Task to complete: Look below and pull out each line with the word "noteq".

Exercise inputs:
lemma card_inter_toggle:
  assumes "card e = 2" "v \<in> e"
  shows "card (e \<inter> toggle v S) = 1 \<longleftrightarrow> card (e \<inter> S) \<noteq> 1"
proof -
  obtain u where e: "e = {v, u}" "u \<noteq> v"
    using assms by (metis card_2_iff insert_commute insertE singletonD)
  show ?thesis
    unfolding e toggle_def using e(2)
    by (cases "v \<in> S"; cases "u \<in> S") (auto simp: Int_insert_left)
qed

lemma cut_weight_toggle:
  assumes "finite E" "\<forall>e\<in>E. card e = 2"
  shows "cut_weight E w (toggle v S) - cut_weight E w S
           = flip_gain E v (incident E v - cut_edges E S) w"
proof -
  define d where "d e = (if card (e \<inter> toggle v S) = 1 then w e else 0)
                      - (if card (e \<inter> S) = 1 then w e else 0)" for e
  have "cut_weight E w (toggle v S) - cut_weight E w S = (\<Sum>e\<in>E. d e)"
    unfolding cut_weight_def d_def by (simp add: sum_subtractf)
  also have "\<dots> = (\<Sum>e\<in>incident E v. d e)"
  proof (rule sum.mono_neutral_right)
    have "e \<inter> toggle v S = e \<inter> S" if "v \<notin> e" for e
      using that by (auto simp: toggle_def)
    then show "\<forall>e\<in>E - incident E v. d e = 0"
      by (auto simp: d_def incident_def)
  qed (use assms(1) in \<open>auto simp: incident_def\<close>)
  also have "\<dots> = flip_gain E v (incident E v - cut_edges E S) w"
    unfolding flip_gain_def
    using assms(2) card_inter_toggle[of _ v S]
    by (intro sum.cong) (auto simp: d_def incident_def cut_edges_def)
  finally show ?thesis .
qed

lemma improving_seq_cut_weight_less:
  assumes "improving_seq V E w xs" "i < j" "j < length xs"
  shows "cut_weight E w (xs ! i) < cut_weight E w (xs ! j)"
  using assms(2,3)
proof (induction j)
  case 0
  then show ?case by simp
next
  case (Suc j)
  have "cut_weight E w (xs ! j) < cut_weight E w (xs ! Suc j)"
    using assms(1) Suc.prems(2) by (simp add: improving_seq_def)
  then show ?case
    using Suc by (cases "i = j") auto
qed

text \<open>The cut weight only depends on the set of cut edges and strictly increases along an
  improving sequence, so no set of cut edges occurs twice.\<close>

lemma improving_seq_length_le:
  assumes "improving_seq V E w xs" "finite E"
  shows "length xs \<le> 2 ^ card E"
proof -
  have "inj_on (\<lambda>i. cut_edges E (xs ! i)) {..<length xs}"
  proof (rule inj_onI)
    fix i j assume ij: "i \<in> {..<length xs}" "j \<in> {..<length xs}"
      and "cut_edges E (xs ! i) = cut_edges E (xs ! j)"
    then have "cut_weight E w (xs ! i) = cut_weight E w (xs ! j)"
      using assms(2) by (simp add: cut_weight_eq_sum_cut_edges)
    then show "i = j"
      using ij improving_seq_cut_weight_less[OF assms(1)]
      by (metis lessThan_iff less_irrefl linorder_neqE_nat)
  qed
  then have "card {..<length xs} \<le> card (Pow E)"
    by (rule card_inj_on_le) (use assms(2) in \<open>auto simp: cut_edges_def\<close>)
  then show ?thesis
    using assms(2) by (simp add: card_Pow)
qed

lemma exists_increment_le_average:
  fixes f :: "nat \<Rightarrow> real"
  assumes "0 < t"
  shows "\<exists>i<t. f (Suc i) - f i \<le> (f t - f 0) / t"
proof (rule ccontr)
  assume "\<not> ?thesis"
  then have "(\<Sum>i<t. (f t - f 0) / t) < (\<Sum>i<t. f (Suc i) - f i)"
    using assms by (intro sum_strict_mono) auto
  then show False
    using assms by (simp add: sum_lessThan_telescope)
qed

Output for this exercise:
  shows "card (e \<inter> toggle v S) = 1 \<longleftrightarrow> card (e \<inter> S) \<noteq> 1"
  obtain u where e: "e = {v, u}" "u \<noteq> v"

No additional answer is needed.